Опубликовано в журнале День и ночь, номер 6, 2016
От моря слепит глаза. Оно дрожит или колышется легко-легко под палящим солнцем. И запах у него свежий: перемешанный запах ила, песка и ветра — ласковый тёплый запах. От него тянет ко сну. Возможно, это даже не сон, а наркотический дурман, и мне сейчас, едва я закрою глаза, привидится, что я чайка. Я полечу над просторами воды и буду чувствовать под крыльями упругие и неощутимые воздушные волны. Перья наполнятся ветром, и вот я уже чувствую себя пушинкой. Мне хорошо. Я лечу. Подо мной пляж, загорелые полураздетые тела нежатся на солнце, летят надувные мячи, доносятся отголоски детского смеха… Вот оно — море! Расстилается огромное пространство невероятно ласковой стихии. Сегодня оно в романтическом настроении: оно любит и хочет быть любимым. И я люблю эту воду с белыми кудрями, солёными духами, кокетливыми ужимками, ласкающими берег,— люблю, как может любить чайка, пролетающая высоко в воздушных лабиринтах неба.
— Молодой человек… Молодой человек,— голос женщины вернул меня на тот же пляж, на тот же коврик,— не могли бы вы присмотреть за моим ребёнком? Мне нужно отлучиться на пару минут.
У неё на руках заблестели выцветшие от солнца волоски. Лица не видно за широкими полями соломенной шляпы.
— Да, конечно.
Ребёнок сел напротив с ведёрком и лопаткой в руках, уставившись на меня из-под редких коротеньких бровей. Она ничего не говорила. Взгляд у неё был дикий. «Должно быть, у Маугли был такой же»,— мелькнуло у меня в голове. Она просто сидела и долго, не отрываясь, следила за мной, а её мама всё не шла. У меня возникло ощущение, что не меня попросили присмотреть за ней, а её за мной. Меня опять стало клонить к полёту над морем, и глаза мои закрывались против воли: я уже начал чувствовать лёгкость в своих руках и слышать шум волн под собой, как вдруг…

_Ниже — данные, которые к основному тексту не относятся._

(* Let $S=\{v_1,\ldots,v_n\}\subset\mathbb Z^n$ ($n\ge1$) be an orthogonal subset with $|V_\alpha|\ge2$ for all $\alpha$ and $\mathcal P_2=\mathcal Q_2$. Then the lattice generated by $S$ is not cubiquitous.
   Context: $\mathbb Z^n$ carries the standard dot product with standard basis $e_1,\ldots,e_n$. $S$ is orthogonal if $\langle v_\alpha,v_\alpha\rangle\ge1$ for all $\alpha$ and $\langle v_\alpha,v_\beta\rangle=0$ for $\alpha\ne\beta$. $V_\alpha=\{j:\langle v_\alpha,e_j\rangle\ne0\}$, $E_j=\{\alpha:\langle v_\alpha,e_j\rangle\ne0\}$, $\mathcal P_2=\{j:|E_j|=2\}$, and $\mathcal Q_2=\{i\in\mathcal P_2: |\langle v_u,e_i\rangle|\ge2 \text{ for some } u\in E_i\}$. A full-rank sublattice $\Lambda\subset\mathbb Z^n$ is cubiquitous if $\Lambda\cap(x+\{0,1\}^n)\ne\emptyset$ for every $x\in\mathbb Z^n$. *)

theory Defs
  imports Main
begin

(* Vectors of Z^n are functions 'n => int on a finite index type 'n with CARD('n) = n.
   A family S = {v_alpha} of n vectors is a function v :: 'n => 'n => int,
   where v alpha j = <v_alpha, e_j>. *)

definition dotZ :: "('n::finite \<Rightarrow> int) \<Rightarrow> ('n \<Rightarrow> int) \<Rightarrow> int" where
  "dotZ x y = (\<Sum>j\<in>UNIV. x j * y j)"

definition orthogonal_family :: "('n::finite \<Rightarrow> 'n \<Rightarrow> int) \<Rightarrow> bool" where
  "orthogonal_family v \<longleftrightarrow>
     (\<forall>\<alpha>. dotZ (v \<alpha>) (v \<alpha>) \<ge> 1) \<and>
     (\<forall>\<alpha> \<beta>. \<alpha> \<noteq> \<beta> \<longrightarrow> dotZ (v \<alpha>) (v \<beta>) = 0)"

definition Vset :: "('n::finite \<Rightarrow> 'n \<Rightarrow> int) \<Rightarrow> 'n \<Rightarrow> 'n set" where
  "Vset v \<alpha> = {j. v \<alpha> j \<noteq> 0}"

definition Eset :: "('n::finite \<Rightarrow> 'n \<Rightarrow> int) \<Rightarrow> 'n \<Rightarrow> 'n set" where
  "Eset v j = {\<alpha>. v \<alpha> j \<noteq> 0}"

definition P2 :: "('n::finite \<Rightarrow> 'n \<Rightarrow> int) \<Rightarrow> 'n set" where
  "P2 v = {j. card (Eset v j) = 2}"

definition Q2 :: "('n::finite \<Rightarrow> 'n \<Rightarrow> int) \<Rightarrow> 'n set" where
  "Q2 v = {i \<in> P2 v. \<exists>u\<in>Eset v i. \<bar>v u i\<bar> \<ge> 2}"

definition lattice_gen :: "('n::finite \<Rightarrow> 'n \<Rightarrow> int) \<Rightarrow> ('n \<Rightarrow> int) set" where
  "lattice_gen v = {x. \<exists>c :: 'n \<Rightarrow> int. \<forall>j. x j = (\<Sum>\<alpha>\<in>UNIV. c \<alpha> * v \<alpha> j)}"

definition cubiquitous :: "('n::finite \<Rightarrow> int) set \<Rightarrow> bool" where
  "cubiquitous L \<longleftrightarrow> (\<forall>x :: 'n \<Rightarrow> int. \<exists>y\<in>L. \<forall>j. y j - x j \<in> {0, 1})"

end

theory Submission
  imports Defs Complex_Main "HOL-Library.FuncSet"
begin

(* Put m_alpha(x) = 2 <x, v_alpha> + (sum_j v_alpha j), twice the pairing of v_alpha with the centre
   of the cube x + [0,1]^n.  If y = (sum_alpha c_alpha v_alpha) lies in that cube, then u = 2y - (2x + 1)
   is a vector of signs with <u, v_alpha> = 2 c_alpha |v_alpha|^2 - m_alpha(x).

   If some v_alpha has an entry of absolute value at least 2, then |v_alpha|^2 exceeds
   N = (sum_j |v_alpha j|) plus the gcd g of its entries.  Choosing x with N < m_alpha(x) <= N + 2g
   leaves no integer c_alpha with |2 c_alpha |v_alpha|^2 - m_alpha(x)| <= N, although |<u, v_alpha>| <= N.

   If all entries lie in {-1, 0, 1}, Bessel's inequality for the orthogonal v_alpha bounds
   (sum_alpha d_alpha(x)^2 / |v_alpha|^2) by n for every x, where d_alpha(x) is the distance from
   m_alpha(x) to the multiples of 2 |v_alpha|^2.  Averaged over a period box each summand is at
   least 1, and strictly larger once |v_alpha|^2 >= 3.  In the remaining case every v_alpha has
   exactly two entries, both +-1; three such vectors cannot share a column, so double counting
   gives a column j with |E_j| = 2, i.e. j in P_2 but not in Q_2. *)

lemma dotZ_smult_left: "dotZ (\<lambda>j. q * x j) w = q * dotZ x w"
  unfolding dotZ_def by (simp add: sum_distrib_left mult.assoc)

lemma dotZ_fun_upd_left: "dotZ (x(j := a)) w = dotZ x w + (a - x j) * w j"
proof -
  have "dotZ (x(j := a)) w = (\<Sum>i\<in>UNIV. x i * w i + (if i = j then (a - x j) * w j else 0))"
    unfolding dotZ_def by (intro sum.cong) (auto simp: algebra_simps)
  then show ?thesis unfolding dotZ_def by (simp add: sum.distrib)
qed

lemma abs_dotZ_le_sum_abs:
  assumes "\<forall>j. \<bar>u j\<bar> = 1"
  shows "\<bar>dotZ u w\<bar> \<le> (\<Sum>j\<in>UNIV. \<bar>w j\<bar>)"
proof -
  have "\<bar>dotZ u w\<bar> \<le> (\<Sum>j\<in>UNIV. \<bar>u j * w j\<bar>)"
    unfolding dotZ_def by (rule sum_abs)
  also have "\<dots> = (\<Sum>j\<in>UNIV. \<bar>w j\<bar>)"
    using assms by (simp add: abs_mult)
  finally show ?thesis .
qed

lemma dotZ_self_eq_card_support:
  assumes "\<forall>j. w j \<in> {-1, 0, 1}"
  shows "dotZ w w = int (card {j. w j \<noteq> 0})"
proof -
  have "w j * w j = (if w j \<noteq> 0 then 1 else 0)" for j
    using assms[rule_format, of j] by auto
  then have "dotZ w w = (\<Sum>j\<in>UNIV. if w j \<noteq> 0 then 1 else 0)"
    unfolding dotZ_def by simp
  also have "\<dots> = int (card {j. w j \<noteq> 0})"
    by (simp add: sum.If_cases)
  finally show ?thesis .
qed

lemma orthogonal_family_dotZ_self_pos:
  assumes "orthogonal_family v"
  shows "dotZ (v \<alpha>) (v \<alpha>) > 0"
  using assms unfolding orthogonal_family_def by (metis zero_less_one order_less_le_trans)

lemma sum_orthogonal_coeff:
  fixes w :: "'a::finite \<Rightarrow> 'b::finite \<Rightarrow> 'r::comm_semiring_1"
  assumes "\<And>a b. a \<noteq> b \<Longrightarrow> (\<Sum>j\<in>UNIV. w a j * w b j) = 0"
  shows "(\<Sum>j\<in>UNIV. (\<Sum>a\<in>UNIV. c a * w a j) * w b j) = c b * (\<Sum>j\<in>UNIV. w b j * w b j)"
proof -
  have "(\<Sum>j\<in>UNIV. (\<Sum>a\<in>UNIV. c a * w a j) * w b j) = (\<Sum>a\<in>UNIV. c a * (\<Sum>j\<in>UNIV. w a j * w b j))"
    unfolding sum_distrib_right sum_distrib_left by (subst sum.swap) (simp add: mult.assoc)
  also have "\<dots> = (\<Sum>a\<in>UNIV. if a = b then c b * (\<Sum>j\<in>UNIV. w b j * w b j) else 0)"
    using assms by (intro sum.cong) auto
  finally show ?thesis by simp
qed

lemma dotZ_lattice_gen_coeff:
  assumes orth: "orthogonal_family v" and y: "\<forall>j. y j = (\<Sum>\<alpha>\<in>UNIV. c \<alpha> * v \<alpha> j)"
  shows "dotZ y (v \<beta>) = c \<beta> * dotZ (v \<beta>) (v \<beta>)"
proof -
  have "dotZ y (v \<beta>) = (\<Sum>j\<in>UNIV. (\<Sum>\<alpha>\<in>UNIV. c \<alpha> * v \<alpha> j) * v \<beta> j)"
    unfolding dotZ_def using y by simp
  also have "\<dots> = c \<beta> * dotZ (v \<beta>) (v \<beta>)"
    using orth unfolding orthogonal_family_def dotZ_def by (intro sum_orthogonal_coeff) auto
  finally show ?thesis .
qed

(* twice the pairing of w with the centre x + (1/2, ..., 1/2) of the cube x + [0,1]^n *)
definition centre_dotZ :: "('n::finite \<Rightarrow> int) \<Rightarrow> ('n \<Rightarrow> int) \<Rightarrow> int" where
  "centre_dotZ x w = dotZ (\<lambda>j. 2 * x j + 1) w"

lemma centre_dotZ_eq: "centre_dotZ x w = 2 * dotZ x w + (\<Sum>j\<in>UNIV. w j)"
  unfolding centre_dotZ_def dotZ_def by (simp add: sum.distrib sum_distrib_left algebra_simps)

lemma even_centre_dotZ_diff: "even (centre_dotZ x w - dotZ w w)"
proof -
  have "centre_dotZ x w - dotZ w w = 2 * dotZ x w - (\<Sum>j\<in>UNIV. w j * (w j - 1))"
    unfolding centre_dotZ_eq by (simp add: dotZ_def sum_subtractf algebra_simps)
  then show ?thesis by (simp add: dvd_sum)
qed

lemma centre_dotZ_fun_upd:
  "centre_dotZ (x(j := a)) w = centre_dotZ x w + 2 * (a - x j) * w j"
  unfolding centre_dotZ_eq dotZ_fun_upd_left by (simp add: algebra_simps)

lemma cubiquitous_lattice_gen_signs:
  fixes v :: "'n::finite \<Rightarrow> 'n \<Rightarrow> int"
  assumes orth: "orthogonal_family v" and cub: "cubiquitous (lattice_gen v)"
  obtains c u where "\<forall>j. \<bar>u j\<bar> = 1"
    and "\<forall>\<alpha>. dotZ u (v \<alpha>) = 2 * c \<alpha> * dotZ (v \<alpha>) (v \<alpha>) - centre_dotZ x (v \<alpha>)"
proof -
  obtain y where "y \<in> lattice_gen v" and yx: "\<forall>j. y j - x j \<in> {0, 1}"
    using cub unfolding cubiquitous_def by blast
  then obtain c where c: "\<forall>j. y j = (\<Sum>\<alpha>\<in>UNIV. c \<alpha> * v \<alpha> j)"
    unfolding lattice_gen_def by blast
  define u where "u j = 2 * y j - (2 * x j + 1)" for j
  have "\<bar>u j\<bar> = 1" for j using yx[rule_format, of j] unfolding u_def by auto
  moreover have "dotZ u (v \<alpha>) = 2 * c \<alpha> * dotZ (v \<alpha>) (v \<alpha>) - centre_dotZ x (v \<alpha>)" for \<alpha>
  proof -
    have "dotZ u (v \<alpha>) = 2 * dotZ y (v \<alpha>) - centre_dotZ x (v \<alpha>)"
      unfolding u_def centre_dotZ_def dotZ_def by (simp add: sum_subtractf sum_distrib_left algebra_simps)
    then show ?thesis using dotZ_lattice_gen_coeff[OF orth c] by simp
  qed
  ultimately show thesis using that by blast
qed

section \<open>A vector with an entry of absolute value at least 2\<close>

lemma sum_bezout_Gcd:
  fixes w :: "'a \<Rightarrow> int"
  assumes "finite A"
  shows "\<exists>c. (\<Sum>j\<in>A. c j * w j) = Gcd (w ` A)"
  using assms
proof (induction A rule: finite_induct)
  case empty
  show ?case by simp
next
  case (insert a A)
  obtain c where c: "(\<Sum>j\<in>A. c j * w j) = Gcd (w ` A)"
    using insert.IH by blast
  obtain s t where st: "s * w a + t * Gcd (w ` A) = gcd (w a) (Gcd (w ` A))"
    using bezout_int by blast
  have "(\<Sum>j\<in>A. ((\<lambda>j. t * c j)(a := s)) j * w j) = t * (\<Sum>j\<in>A. c j * w j)"
    using insert.hyps by (auto simp: sum_distrib_left mult.assoc intro: sum.cong)
  then have "(\<Sum>j\<in>insert a A. ((\<lambda>j. t * c j)(a := s)) j * w j) = Gcd (w ` insert a A)"
    using insert.hyps c st by simp
  then show ?case by blast
qed

lemma dotZ_bezout:
  fixes w :: "'n::finite \<Rightarrow> int"
  obtains x where "dotZ x w = Gcd (range w)"
  using sum_bezout_Gcd[of UNIV w] unfolding dotZ_def by auto

lemma Gcd_range_int_bounds:
  fixes w :: "'a \<Rightarrow> int"
  assumes "w j \<noteq> 0"
  shows "0 < Gcd (range w)" and "Gcd (range w) \<le> \<bar>w j\<bar>"
proof -
  have "Gcd (range w) \<noteq> 0" using assms by auto
  then show "0 < Gcd (range w)" using Gcd_int_greater_eq_0 order_le_neq_trans by metis
  have "\<bar>Gcd (range w)\<bar> \<le> \<bar>w j\<bar>" using assms by (intro dvd_imp_le_int) auto
  then show "Gcd (range w) \<le> \<bar>w j\<bar>" by simp
qed

lemma exists_centre_dotZ_in_interval:
  fixes w :: "'n::finite \<Rightarrow> int"
  assumes "w j0 \<noteq> 0"
  obtains x where "N < centre_dotZ x w" and "centre_dotZ x w \<le> N + 2 * Gcd (range w)"
proof -
  define g where "g = Gcd (range w)"
  define S where "S = (\<Sum>j\<in>UNIV. w j)"
  have g: "g > 0" unfolding g_def using assms by (rule Gcd_range_int_bounds)
  obtain x0 where x0: "dotZ x0 w = g" using dotZ_bezout g_def by metis
  define q where "q = (N - S) div (2 * g) + 1"
  have "centre_dotZ (\<lambda>j. q * x0 j) w = 2 * g * q + S"
    unfolding centre_dotZ_eq dotZ_smult_left x0 S_def by simp
  moreover have "N - S = 2 * g * (q - 1) + (N - S) mod (2 * g)"
    unfolding q_def by simp
  moreover have "0 \<le> (N - S) mod (2 * g)" "(N - S) mod (2 * g) < 2 * g"
    using g by auto
  ultimately show thesis
    by (intro that[of "\<lambda>j. q * x0 j"]) (auto simp: g_def algebra_simps)
qed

— Ты — красивый,— мои волосы трогали её маленькие ручки.
— Где твоя мама? — спросил я растерянно.
— Не знаю,— безразлично ответила девочка.
Голос у неё был смешной, как у утёнка.
— Сколько тебе лет? — задал я неоригинальный вопрос, какой задают всем детям.

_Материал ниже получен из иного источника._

lemma lie_algebra_bracket_bracket:
  assumes "lie_algebra \<kappa> s b"
  shows "b (b x y) z = b x (b y z) - b y (b x z)"
proof -
  have jacobi: "b x (b y z) + b y (b z x) + b z (b x y) = 0"
    using assms by (simp add: lie_algebra_def)
  have "b (b x y) z = - b z (b x y)"
    by (rule lie_algebra_anticommute[OF assms])
  also have "\<dots> = b x (b y z) + b y (b z x)"
    using jacobi by (metis add.commute neg_eq_iff_add_eq_0)
  also have "\<dots> = b x (b y z) - b y (b x z)"
    using lie_algebra_anticommute[OF assms, of z x]
      additive.minus[OF lie_algebra_additive_right[OF assms]] by simp
  finally show ?thesis .
qed

lemma restricted_LR_lie_algebra: "restricted_LR \<kappa> s b p \<theta> \<Longrightarrow> lie_algebra \<kappa> s b"
  by (simp add: restricted_LR_def restricted_lie_def)

lemma restricted_LR_bracket_2map: "restricted_LR \<kappa> s b p \<theta> \<Longrightarrow> b (p x) y = b x (b x y)"
  by (simp add: restricted_LR_def restricted_lie_def)

lemma restricted_LR_bracket_scalar:
  "restricted_LR \<kappa> s b p \<theta> \<Longrightarrow> b x (s a y) = s a (b x y) + s (\<theta> x a) y"
  by (simp add: restricted_LR_def)

lemma A_linear_additive: "A_linear s s' f \<Longrightarrow> additive f"
  by (simp add: A_linear_def additive_def)

lemma LR_morphism_additive: "LR_morphism sL bL pL \<theta>L sH bH pH \<theta>H f \<Longrightarrow> additive f"
  unfolding LR_morphism_def by (blast intro: A_linear_additive)

context
  fixes \<kappa> :: "'k::field \<Rightarrow> 'a::comm_ring_1"
    and sM :: "'a \<Rightarrow> 'm::ab_group_add \<Rightarrow> 'm" and bM pM \<theta>M
    and sE :: "'a \<Rightarrow> 'e::ab_group_add \<Rightarrow> 'e" and bE pE \<theta>E
    and sL :: "'a \<Rightarrow> 'l::ab_group_add \<Rightarrow> 'l" and bL pL \<theta>L
    and \<iota> :: "'m \<Rightarrow> 'e" and \<pi> :: "'e \<Rightarrow> 'l"
  assumes ext: "abelian_extension \<kappa> sM bM pM \<theta>M sE bE pE \<theta>E sL bL pL \<theta>L \<iota> \<pi>"
    and M_abelian: "\<And>m n. bM m n = 0"
begin

lemma abelian_extension_bracket_kernel_mem: "bE e (\<iota> m) \<in> range \<iota>"
proof -
  have ker: "range \<iota> = {e. \<pi> e = 0}" and "LR_morphism sE bE pE \<theta>E sL bL pL \<theta>L \<pi>"
    and "lie_algebra \<kappa> sL bL"
    using ext by (auto simp: abelian_extension_def intro: restricted_LR_lie_algebra)
  moreover have "\<pi> (\<iota> m) = 0"
    using ker by auto
  ultimately have "\<pi> (bE e (\<iota> m)) = bL (\<pi> e) 0"
    by (simp add: LR_morphism_def)
  also have "\<dots> = 0"
    using \<open>lie_algebra \<kappa> sL bL\<close> by (rule additive.zero[OF lie_algebra_additive_right])
  finally show ?thesis
    using ker by simp
qed

lemma abelian_extension_bracket_kernel_lift_indep:
  assumes "\<pi> e = \<pi> e'"
  shows "bE e (\<iota> m) = bE e' (\<iota> m)"
proof -
  have ker: "range \<iota> = {e. \<pi> e = 0}" and \<pi>: "LR_morphism sE bE pE \<theta>E sL bL pL \<theta>L \<pi>"
    and \<iota>: "LR_morphism sM bM pM \<theta>M sE bE pE \<theta>E \<iota>" and E: "lie_algebra \<kappa> sE bE"
    using ext by (auto simp: abelian_extension_def intro: restricted_LR_lie_algebra)
  have "\<pi> (e - e') = 0"
    using assms additive.diff[OF LR_morphism_additive[OF \<pi>]] by simp
  then obtain n where n: "e - e' = \<iota> n"
    using ker by auto
  have "bE e (\<iota> m) - bE e' (\<iota> m) = bE (e - e') (\<iota> m)"
    using additive.diff[OF lie_algebra_additive_left[OF E]] by simp
  also have "\<dots> = \<iota> (bM n m)"
    using \<iota> n by (simp add: LR_morphism_def)
  also have "\<dots> = 0"
    using M_abelian additive.zero[OF LR_morphism_additive[OF \<iota>]] by simp
  finally show ?thesis
    by simp
qed

lemma abelian_extension_induced_action:
  "\<iota> (inv \<iota> (bE (SOME e'. \<pi> e' = \<pi> e) (\<iota> m))) = bE e (\<iota> m)"
  using abelian_extension_bracket_kernel_mem abelian_extension_bracket_kernel_lift_indep
  by (metis (mono_tags, lifting) f_inv_into_f someI)

end

context
  fixes \<kappa> :: "'k::field \<Rightarrow> 'a::comm_ring_1"
    and sM :: "'a \<Rightarrow> 'm::ab_group_add \<Rightarrow> 'm"
    and sE :: "'a \<Rightarrow> 'e::ab_group_add \<Rightarrow> 'e" and bE pE \<theta>E
    and sL :: "'a \<Rightarrow> 'l::ab_group_add \<Rightarrow> 'l" and bL pL \<theta>L
    and \<iota> :: "'m \<Rightarrow> 'e" and \<pi> :: "'e \<Rightarrow> 'l"
    and \<rho> :: "'l \<Rightarrow> 'm \<Rightarrow> 'm"
  assumes E: "restricted_LR \<kappa> sE bE pE \<theta>E"
    and \<pi>: "LR_morphism sE bE pE \<theta>E sL bL pL \<theta>L \<pi>" and \<pi>_surj: "surj \<pi>"
    and \<iota>: "A_linear sM sE \<iota>" and \<iota>_inj: "inj \<iota>"
    and \<rho>_lift: "\<And>e m. \<iota> (\<rho> (\<pi> e) m) = bE e (\<iota> m)"
begin

lemma lifted_action_K_linear: "K_linear \<kappa> sM sM (\<rho> x)"
proof -
  obtain e where x: "x = \<pi> e"
    using \<pi>_surj by (metis surjD)
  have "\<iota> (\<rho> x (m + n)) = \<iota> (\<rho> x m + \<rho> x n)" for m n
    using restricted_LR_lie_algebra[OF E] \<iota>
    by (simp add: x \<rho>_lift A_linear_def lie_algebra_def)
  moreover have "\<iota> (\<rho> x (sM (\<kappa> c) m)) = \<iota> (sM (\<kappa> c) (\<rho> x m))" for c m
    using restricted_LR_lie_algebra[OF E] \<iota>
    by (simp add: x \<rho>_lift A_linear_def lie_algebra_def)
  ultimately show ?thesis
    using \<iota>_inj by (simp add: K_linear_def inj_eq)
qed

lemma lifted_action_add: "\<rho> (x + y) = (\<lambda>m. \<rho> x m + \<rho> y m)"
proof
  fix m
  obtain e e' where x: "x = \<pi> e" and y: "y = \<pi> e'"
    using \<pi>_surj by (metis surjD)
  have "\<iota> (\<rho> (x + y) m) = \<iota> (\<rho> (\<pi> (e + e')) m)"
    using additive.add[OF LR_morphism_additive[OF \<pi>]] by (simp add: x y)
  also have "\<dots> = \<iota> (\<rho> x m + \<rho> y m)"
    using restricted_LR_lie_algebra[OF E] \<iota>
    by (simp add: x y \<rho>_lift A_linear_def lie_algebra_def)
  finally show "\<rho> (x + y) m = \<rho> x m + \<rho> y m"
    using \<iota>_inj by (simp add: inj_eq)
qed

lemma lifted_action_scalar: "\<rho> (sL (\<kappa> c) x) = (\<lambda>m. sM (\<kappa> c) (\<rho> x m))"
proof
  fix m
  obtain e where x: "x = \<pi> e"
    using \<pi>_surj by (metis surjD)
  have "\<iota> (\<rho> (sL (\<kappa> c) x) m) = \<iota> (\<rho> (\<pi> (sE (\<kappa> c) e)) m)"
    using \<pi> by (simp add: x LR_morphism_def A_linear_def)
  also have "\<dots> = \<iota> (sM (\<kappa> c) (\<rho> x m))"
    using restricted_LR_lie_algebra[OF E] \<iota>
    by (simp add: x \<rho>_lift A_linear_def lie_algebra_def)
  finally show "\<rho> (sL (\<kappa> c) x) m = sM (\<kappa> c) (\<rho> x m)"
    using \<iota>_inj by (simp add: inj_eq)
qed

lemma lifted_action_bracket: "\<rho> (bL x y) = (\<lambda>m. \<rho> x (\<rho> y m) - \<rho> y (\<rho> x m))"
proof
  fix m
  obtain e e' where x: "x = \<pi> e" and y: "y = \<pi> e'"
    using \<pi>_surj by (metis surjD)
  have "\<iota> (\<rho> (bL x y) m) = bE (bE e e') (\<iota> m)"
    using \<pi> \<rho>_lift[of "bE e e'"] by (simp add: x y LR_morphism_def)
  also have "\<dots> = bE e (bE e' (\<iota> m)) - bE e' (bE e (\<iota> m))"
    by (rule lie_algebra_bracket_bracket[OF restricted_LR_lie_algebra[OF E]])
  also have "\<dots> = \<iota> (\<rho> x (\<rho> y m) - \<rho> y (\<rho> x m))"
    using additive.diff[OF A_linear_additive[OF \<iota>]] by (simp add: x y \<rho>_lift)
  finally show "\<rho> (bL x y) m = \<rho> x (\<rho> y m) - \<rho> y (\<rho> x m)"
    using \<iota>_inj by (simp add: inj_eq)
qed

lemma lifted_action_2map: "\<rho> (pL x) = (\<lambda>m. \<rho> x (\<rho> x m))"
proof
  fix m
  obtain e where x: "x = \<pi> e"
    using \<pi>_surj by (metis surjD)
  have "\<iota> (\<rho> (pL x) m) = bE (pE e) (\<iota> m)"
    using \<pi> \<rho>_lift[of "pE e"] by (simp add: x LR_morphism_def)
  also have "\<dots> = \<iota> (\<rho> x (\<rho> x m))"
    by (simp add: x \<rho>_lift restricted_LR_bracket_2map[OF E])
  finally show "\<rho> (pL x) m = \<rho> x (\<rho> x m)"
    using \<iota>_inj by (simp add: inj_eq)
qed

lemma lifted_action_leibniz: "\<rho> x (sM a m) = sM a (\<rho> x m) + sM (\<theta>L x a) m"
proof -
  obtain e where x: "x = \<pi> e"
    using \<pi>_surj by (metis surjD)
  have "\<iota> (\<rho> x (sM a m)) = bE e (sE a (\<iota> m))"
    using \<iota> by (simp add: x \<rho>_lift A_linear_def)
  also have "\<dots> = sE a (bE e (\<iota> m)) + sE (\<theta>E e a) (\<iota> m)"
    by (rule restricted_LR_bracket_scalar[OF E])
  also have "\<dots> = \<iota> (sM a (\<rho> x m) + sM (\<theta>L x a) m)"
    using \<iota> \<pi> by (simp add: x \<rho>_lift A_linear_def LR_morphism_def)
  finally show ?thesis
    using \<iota>_inj by (simp add: inj_eq)
qed

lemma restricted_LR_module_lifted_action:
  "A_module sM \<Longrightarrow> restricted_LR_module \<kappa> sL bL pL \<theta>L sM \<rho>"
  by (simp add: restricted_LR_module_def lifted_action_K_linear lifted_action_add
      lifted_action_scalar lifted_action_bracket lifted_action_2map lifted_action_leibniz)

end

theorem mainTheorem8:
  fixes \<kappa> :: "'k::field \<Rightarrow> 'a::comm_ring_1"
    and sM :: "'a \<Rightarrow> 'm::ab_group_add \<Rightarrow> 'm" and bM :: "'m \<Rightarrow> 'm \<Rightarrow> 'm" and pM :: "'m \<Rightarrow> 'm"
    and \<theta>M :: "'m \<Rightarrow> 'a \<Rightarrow> 'a"
    and sE :: "'a \<Rightarrow> 'e::ab_group_add \<Rightarrow> 'e" and bE :: "'e \<Rightarrow> 'e \<Rightarrow> 'e" and pE :: "'e \<Rightarrow> 'e"
    and \<theta>E :: "'e \<Rightarrow> 'a \<Rightarrow> 'a"
    and sL :: "'a \<Rightarrow> 'l::ab_group_add \<Rightarrow> 'l" and bL :: "'l \<Rightarrow> 'l \<Rightarrow> 'l" and pL :: "'l \<Rightarrow> 'l"
    and \<theta>L :: "'l \<Rightarrow> 'a \<Rightarrow> 'a"
    and \<iota> :: "'m \<Rightarrow> 'e" and \<pi> :: "'e \<Rightarrow> 'l"
    and \<rho> :: "'l \<Rightarrow> 'm \<Rightarrow> 'm"
  assumes char2: "(2::'k) = 0"
    and alg: "K_algebra \<kappa>"
    and L: "restricted_LR \<kappa> sL bL pL \<theta>L"
    and M: "restricted_LR \<kappa> sM bM pM \<theta>M"
    and Mab: "strongly_abelian bM pM"
    and ext: "abelian_extension \<kappa> sM bM pM \<theta>M sE bE pE \<theta>E sL bL pL \<theta>L \<iota> \<pi>"
    and rho_def: "\<rho> = (\<lambda>x m. inv \<iota> (bE (SOME e. \<pi> e = x) (\<iota> m)))"
  shows "(\<forall>x e m. \<pi> e = x \<longrightarrow> \<iota> (\<rho> x m) = bE e (\<iota> m))
         \<and> restricted_LR_module \<kappa> sL bL pL \<theta>L sM \<rho>"
proof -
  have E: "restricted_LR \<kappa> sE bE pE \<theta>E"
    and \<iota>: "LR_morphism sM bM pM \<theta>M sE bE pE \<theta>E \<iota>" and \<iota>_inj: "inj \<iota>"
    and \<pi>: "LR_morphism sE bE pE \<theta>E sL bL pL \<theta>L \<pi>" and \<pi>_surj: "surj \<pi>"
    using ext by (simp_all add: abelian_extension_def)
  have lift: "\<iota> (\<rho> (\<pi> e) m) = bE e (\<iota> m)" for e m
    using Mab unfolding rho_def strongly_abelian_def
    by (blast intro: abelian_extension_induced_action[OF ext])
  have "A_module sM"
    using M by (simp add: restricted_LR_def)
  then have "restricted_LR_module \<kappa> sL bL pL \<theta>L sM \<rho>"
    using restricted_LR_module_lifted_action[OF E \<pi> \<pi>_surj _ \<iota>_inj lift] \<iota>
    by (simp add: LR_morphism_def)
  then show ?thesis
    using lift by blast
qed

end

Она стала внимательно перебирать свои маленькие пухлые пальчики и показала мне раскрытую ладошку, облепленную песчинками:
— Четыре.
— А зовут тебя как?
— Филадельфия,— произнесло её утёночье кряканье.
— О, красивое имя! — оно, конечно, меня немного удивило, но девочка произнесла его с такой гордостью, что мне ничего не оставалось, как восхититься.— А меня зовут Арсен.
Она молчала. Видно, её не очень заинтересовало такое заурядное название человека. Мне захотелось, чтобы она вела себя как ребёнок, и я взял у неё ведёрко и использовал его как форму к своеобразному песочному зданию.
— Видишь?! — показал я, будто сотворил чудо.
Но Филадельфия посмотрела на меня как на шарлатана из бродячего цирка, и я сконфузился.
— Ну а во что ты хочешь играть? — спросил я ребёнка, не теряя надежды наладить с ней дружбу.— Хочешь, я буду чайкой, а ты — морем?
На её лице затаилась улыбка, и мне вдруг показалось, что улыбка Джоконды не идёт ни в какое сравнение с улыбкой этой девочки. Я только пожалел, что у меня не оказалось с собою карандаша и бумаги или хотя бы фотоаппарата. Размахивая руками, как крыльями, я стал парить над этим маленьким моречком под названием Филадельфия, как чайка. Я даже пытался сымитировать крик чайки, но думаю, что это получалось у меня куда хуже, чем летать. Ветер обдувал моё голое тело, и мне казалось, что я и впрямь лечу, лечу, лечу… Она смеялась громким хрипучим детским смехом, а я парил, и мне опять было свободно и хорошо.
— Ася! — раздался резкий возмущённый голос.
И смех умолк.
— Ася? — удивился я.— Она сказала, что её зовут Филадельфия.
— Что? Опять эти фантазии! Так звали принцессу из сказки — ужасное имя!
Женщина капризным движением подняла девочку за руку,
немного встряхнув её в воздухе, сухо поблагодарила меня и направилась в сторону
трассы. А Филадельфия волочилась за притянутой матерью рукой, глядя на меня, и так
и смотрела до самой трассы, пока их силуэты не расплылись в знойном воздухе пляжа.
Они сели на попутное маршрутное такси и уехали. А мне вдруг стало тоскливо и больше
не хотелось ни полётов, ни ветра, ни моря.